The first caveat to note with the analysis is that patient-level data may not always be accessible. In this case, published K–M estimates should be extracted and handled using recognised approaches such as digitally scanning K–M curves [17]. Although RCS models outperformed all model classes in this study, consistency in data fits across the ‘training’ and ‘validation’ data sets may vary. Here, the multiple checkpoints in goodness of fit and validation assessments will aid in justifying the choice of model. Where testing of data fits with AIC or BIC is not possible because these statistics are not applicable, analysts should use other tests or the validations provided in the recommendations above to ensure that the optimal model is selected.
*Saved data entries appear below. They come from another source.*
lemma sumset_arith_prog:
  assumes "0 < m" "0 < n"
  shows "sumset (arith_prog a d m) (arith_prog b d n) = arith_prog (a + b) d (m + n - 1)"
proof (rule set_eqI)
  fix z
  show "z \<in> sumset (arith_prog a d m) (arith_prog b d n) \<longleftrightarrow> z \<in> arith_prog (a + b) d (m + n - 1)"
  proof
    assume "z \<in> sumset (arith_prog a d m) (arith_prog b d n)"
    then obtain i j where "i < m" "j < n" "z = (a + i * d) + (b + j * d)"
      by (force simp: sumset_iff mem_arith_prog)
    then show "z \<in> arith_prog (a + b) d (m + n - 1)"
      unfolding mem_arith_prog by (intro exI[of _ "i + j"]) (auto simp: algebra_simps)
  next
    assume "z \<in> arith_prog (a + b) d (m + n - 1)"
    then obtain k where k: "k < m + n - 1" "z = a + b + k * d"
      unfolding mem_arith_prog by blast
    show "z \<in> sumset (arith_prog a d m) (arith_prog b d n)"
    proof (cases "k < m")
      case True
      then have "a + k * d \<in> arith_prog a d m" "b + 0 * d \<in> arith_prog b d n"
        using assms unfolding mem_arith_prog by blast+
      moreover have "z = (a + k * d) + (b + 0 * d)" using k by simp
      ultimately show ?thesis unfolding sumset_iff by blast
    next
      case False
      define j where "j = k - (m - 1)"
      have j: "k = (m - 1) + j" "j < n"
        using False k(1) unfolding j_def by linarith+
      have "a + (m - 1) * d \<in> arith_prog a d m"
        using assms(1) unfolding mem_arith_prog by (metis diff_less zero_less_one)
      moreover have "b + j * d \<in> arith_prog b d n"
        using j(2) unfolding mem_arith_prog by blast
      moreover have "z = (a + (m - 1) * d) + (b + j * d)"
        using k(2) j(1) by (simp add: algebra_simps)
      ultimately show ?thesis unfolding sumset_iff by blast
    qed
  qed
qed

lemma eq_arith_prog_if_add_closed:
  fixes X :: "nat set"
  assumes fin: "finite X" and ne: "X \<noteq> {}" and d: "0 < d"
    and closed: "\<And>x. x \<in> X \<Longrightarrow> x \<noteq> Max X \<Longrightarrow> x + d \<in> X"
  shows "X = arith_prog (Min X) d (card X)"
proof -
  have dvd_Max_diff: "d dvd Max X - x" if "x \<in> X" for x
    using that
  proof (induction "Max X - x" arbitrary: x rule: less_induct)
    case less
    show ?case
    proof (cases "x = Max X")
      case False
      then have "x + d \<in> X" using closed less.prems by blast
      then have "x + d \<le> Max X" using fin by simp
      then have "d dvd Max X - (x + d)" using less.hyps \<open>x + d \<in> X\<close> d by simp
      moreover have "Max X - x = (Max X - (x + d)) + d" using \<open>x + d \<le> Max X\<close> by simp
      ultimately show ?thesis by simp
    qed simp
  qed
  define M where "M = (Max X - Min X) div d"
  have Min_le: "x \<in> X \<Longrightarrow> Min X \<le> x" and le_Max: "x \<in> X \<Longrightarrow> x \<le> Max X" for x
    using fin by simp_all
  have "X = arith_prog (Min X) d (Suc M)"
  proof
    show "X \<subseteq> arith_prog (Min X) d (Suc M)"
    proof
      fix x assume x: "x \<in> X"
      have "d dvd (Max X - Min X) - (Max X - x)"
        using dvd_diff_nat dvd_Max_diff x Min_in[OF fin ne] by blast
      then have "d dvd x - Min X" using Min_le[OF x] le_Max[OF x] by simp
      then have "x = Min X + ((x - Min X) div d) * d" using Min_le[OF x] by simp
      moreover have "(x - Min X) div d \<le> M"
        unfolding M_def using le_Max[OF x] by (simp add: div_le_mono)
      ultimately show "x \<in> arith_prog (Min X) d (Suc M)"
        unfolding mem_arith_prog by (metis less_Suc_eq_le)
    qed
    have "Min X + k * d \<in> X" if "k \<le> M" for k
      using that
    proof (induction k)
      case 0
      show ?case using Min_in[OF fin ne] by simp
    next
      case (Suc k)
      have "Suc k * d \<le> Max X - Min X"
        using Suc.prems unfolding M_def by (metis div_times_less_eq_dividend le_trans mult_le_mono1)
      then have "Min X + k * d \<noteq> Max X" using d by simp
      then have "Min X + k * d + d \<in> X" using closed Suc by simp
      then show ?case by (simp add: algebra_simps)
    qed
    then show "arith_prog (Min X) d (Suc M) \<subseteq> X"
      unfolding arith_prog_def by auto
  qed
  then show ?thesis using card_arith_prog[OF d] by metis
qed

lemma arith_progs_if_card_sumset_eq:
  fixes X Y :: "nat set"
  assumes fin: "finite X" "finite Y" and two: "2 \<le> card X" "2 \<le> card Y"
    and card_eq: "card (sumset X Y) = card X + card Y - 1"
  obtains a b d where "0 < d" "X = arith_prog a d (card X)" "Y = arith_prog b d (card Y)"
proof -
  have ne: "X \<noteq> {}" "Y \<noteq> {}" using two by auto
  have "0 < card (Y - {Min Y})"
    using fin(2) ne(2) two(2) by (simp add: card_Diff_singleton)
  then have "Y - {Min Y} \<noteq> {}" by (simp add: card_gt_0_iff)
  define y where "y = Min (Y - {Min Y})"
  have y: "y \<in> Y" "Min Y < y" and y_next: "\<And>y'. y' \<in> Y \<Longrightarrow> Min Y < y' \<Longrightarrow> y \<le> y'"
    using Min_in[OF _ \<open>Y - {Min Y} \<noteq> {}\<close>] fin(2) ne(2)
    unfolding y_def by (auto simp: order.not_eq_order_implies_strict)
  define d where "d = y - Min Y"
  have d: "0 < d" using y(2) unfolding d_def by simp
  have X_eq: "X = arith_prog (Min X) d (card X)"
    using add_gap_mem_if_card_sumset_eq[OF fin ne card_eq y y_next] d
    by (intro eq_arith_prog_if_add_closed[OF fin(1) ne(1) d]) (simp add: d_def)
  have "Min X + 1 * d \<in> arith_prog (Min X) d (card X)"
    unfolding mem_arith_prog using two(1) by force
  then have x: "Min X + d \<in> X" "Min X < Min X + d" using X_eq d by auto
  have x_next: "Min X + d \<le> x" if "x \<in> X" "Min X < x" for x
  proof -
    obtain k where "x = Min X + k * d" using X_eq \<open>x \<in> X\<close> mem_arith_prog by blast
    with \<open>Min X < x\<close> show ?thesis by (cases k) auto
  qed
  have card_eq': "card (sumset Y X) = card Y + card X - 1"
    using card_eq by (simp add: sumset_commute add.commute)
  have "Y = arith_prog (Min Y) d (card Y)"
    using add_gap_mem_if_card_sumset_eq[OF fin(2,1) ne(2,1) card_eq' x x_next]
    by (intro eq_arith_prog_if_add_closed[OF fin(2) ne(2) d]) simp
  with d X_eq show thesis by (rule that)
qed

lemma card_index_window:
  fixes e :: int and n T :: nat
  assumes I: "I = {k. k < n \<and> 0 \<le> int k + e \<and> int k + e < int (n + T) - 1}"
    and card: "card I = T" and T: "0 < T" "T < n"
  shows "(0 \<in> I \<and> e = int n - 1) \<or> (0 \<notin> I \<and> e = int T - int n)"
proof (cases "0 \<le> e")
  case True
  then have "I = {..< min n (nat (int (n + T) - 1 - e))}" unfolding I by auto
  then have "min n (nat (int (n + T) - 1 - e)) = T" using card by simp
  then have "e = int n - 1" using T True by linarith
  then show ?thesis using I T by simp
next
  case False
  then have "I = {nat (- e) ..< n}" unfolding I using T by auto
  then have "n - nat (- e) = T" using card by simp
  then have "e = int T - int n" using T False by linarith
  then show ?thesis using I T by simp
qed

text \<open>The translate by b of the progression meets the longer progression in T < n consecutive
  terms, so it sticks out at exactly one end, and whether a lies in S decides which.\<close>

lemma arith_prog_shift_determined:
  fixes a b c d n T :: nat and S :: "nat set"
  assumes d: "0 < d" and S: "S \<subseteq> arith_prog a d n" "card S = T" "0 < T" "T < n"
    and hits: "\<And>x. x \<in> arith_prog a d n \<Longrightarrow> x + b \<in> arith_prog c d (n + T - 1) \<longleftrightarrow> x \<in> S"
  shows "if a \<in> S then a + b = c + (n - 1) * d else a + b + (n - T) * d = c"
proof -
  define I where "I = {k. k < n \<and> a + k * d \<in> S}"
  have "S = (\<lambda>k. a + k * d) ` I" using S(1) unfolding I_def arith_prog_def by auto
  moreover have "inj_on (\<lambda>k. a + k * d) I" using d by (auto simp: inj_on_def)
  ultimately have card_I: "card I = T" using S(2) card_image by metis
  then obtain k0 where "k0 \<in> I" using S(3) by fastforce
  then have "a + k0 * d + b \<in> arith_prog c d (n + T - 1)"
    using hits unfolding I_def mem_arith_prog by blast
  then obtain m0 where "a + k0 * d + b = c + m0 * d"
    unfolding mem_arith_prog by blast
  \<comment> \<open>shift, in steps of \<open>d\<close>, between the indexings of the two progressions; it may be negative\<close>
  define e where "e = int m0 - int k0"
  have base: "int a + int b = int c + e * int d"
    using arg_cong[OF \<open>a + k0 * d + b = c + m0 * d\<close>, of int] unfolding e_def
    by (simp add: algebra_simps)
  have hit_iff: "a + k * d + b \<in> arith_prog c d (n + T - 1) \<longleftrightarrow>
      0 \<le> int k + e \<and> int k + e < int (n + T) - 1" for k
  proof -
    have "a + k * d + b = c + m * d \<longleftrightarrow> int m = int k + e" for m
    proof -
      have "int (a + k * d + b) = int c + (int k + e) * int d"
        using base by (simp add: algebra_simps)
      then have "a + k * d + b = c + m * d \<longleftrightarrow> int c + (int k + e) * int d = int c + int m * int d"
        by (metis of_nat_add of_nat_eq_iff of_nat_mult)
      also have "\<dots> \<longleftrightarrow> int m = int k + e" using d by auto
      finally show ?thesis .
    qed
    then have "a + k * d + b \<in> arith_prog c d (n + T - 1) \<longleftrightarrow> (\<exists>m < n + T - 1. int m = int k + e)"
      unfolding mem_arith_prog by simp
    also have "\<dots> \<longleftrightarrow> 0 \<le> int k + e \<and> int k + e < int (n + T) - 1"
      using S(4) by (auto intro!: exI[of _ "nat (int k + e)"])
    finally show ?thesis .
  qed
  have "I = {k. k < n \<and> 0 \<le> int k + e \<and> int k + e < int (n + T) - 1}"
    unfolding I_def
  proof (intro Collect_cong conj_cong refl)
    fix k assume "k < n"
    then have "a + k * d \<in> arith_prog a d n" unfolding mem_arith_prog by blast
    then show "a + k * d \<in> S \<longleftrightarrow> 0 \<le> int k + e \<and> int k + e < int (n + T) - 1"
      using hits hit_iff by blast
  qed
  from card_index_window[OF this card_I S(3,4)] show ?thesis
  proof
    assume "0 \<in> I \<and> e = int n - 1"
    moreover from this have "int (a + b) = int (c + (n - 1) * d)"
      using base S(4) by (simp add: of_nat_diff)
    ultimately show ?thesis unfolding I_def by (simp only: of_nat_eq_iff) simp
  next
    assume "0 \<notin> I \<and> e = int T - int n"
    moreover from this have "int (a + b + (n - T) * d) = int c"
      using base S(4) by (simp add: of_nat_diff left_diff_distrib)
    ultimately show ?thesis using S(4) unfolding I_def by (simp only: of_nat_eq_iff) simp
  qed
qed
Although our results using combined functions did not produce favourable results, the analysis was limited to the extent that additional parametric functions such as log normal, log-logistic, and Gompertz were not analysed and may have demonstrated different results. Secondly, K–M data were combined with only one parametric function to model survival. Due to the potentially numerous hazard trends displayed, applying additional functions may have resulted in improved fit at the tail, and therefore improved extrapolation estimates. However, on grounds of parsimony, the potential bias arising from small patient numbers [23], and the substantial subjectivity in choosing data points at which to implement separate functions [15], fitting a number of different functions may not be a preferred approach.

When interpreting this analysis, it should be borne in mind that the single outcome measure of PFS has been considered, whereas the development of economic models may involve handling multiple endpoints (e.g. PFS and OS). In this context, flexible (and other) models can potentially provide unrealistic estimates. For example, modelled PFS can exceed modelled OS under extrapolation, thus highlighting the importance of clinical plausibility. Contributing factors to the crossing of OS and PFS curves may be immature OS data or inclusion of low patient numbers in the last few observations. However, if a systematic approach is taken to both endpoints simultaneously, this can be handled by selecting different models for different endpoints, removing the last few observations [20] or attaching greater weight to the data with the longest follow-up. Additionally, sensitivity analysis with data fits for different treatment durations (i.e. trial period vs follow-up data) can be conducted.

5 Conclusions

Survival analyses presented in economic evaluations of I-O continue to be performed using traditional parametric methods, which do not take into account the mode of action of I-O therapies [31, 32], thus failing to capture the ‘tail’ of the survival curve and treatment pathway in extrapolated estimates. This implies that the clinical value of such compounds may be underestimated, giving rise to misleading estimates of cost-effectiveness. This study has shown that spline-based models using a limited number of knots can provide an acceptable fit to trial data and generate extrapolated estimates supported by longer term evidence, with results that are stable in response to changes in knot placement. By following a robust methodology and validating findings when using more flexible models, of which spline-based methods are an example, subjectivity and uncertainty surrounding the assumptions required for more complex approaches can be minimised. These models can be considered a useful addition to the analytical tools available to estimate survival in I-O. The applicability of these findings to other conditions and other treatment regimens (e.g. chemo + I-O combinations) requires further exploration.

Data Availability Statement

The analysis reported in this study uses patient-level data from the CheckMate 067 trial. The patient-level data are not publicly available, but the results of the trial have been reported in a number of publications. The trial results supporting the findings of this analysis are presented graphically within the article. The survival analysis was implemented in Stata, with the RCS models fitted using the stpm2 command.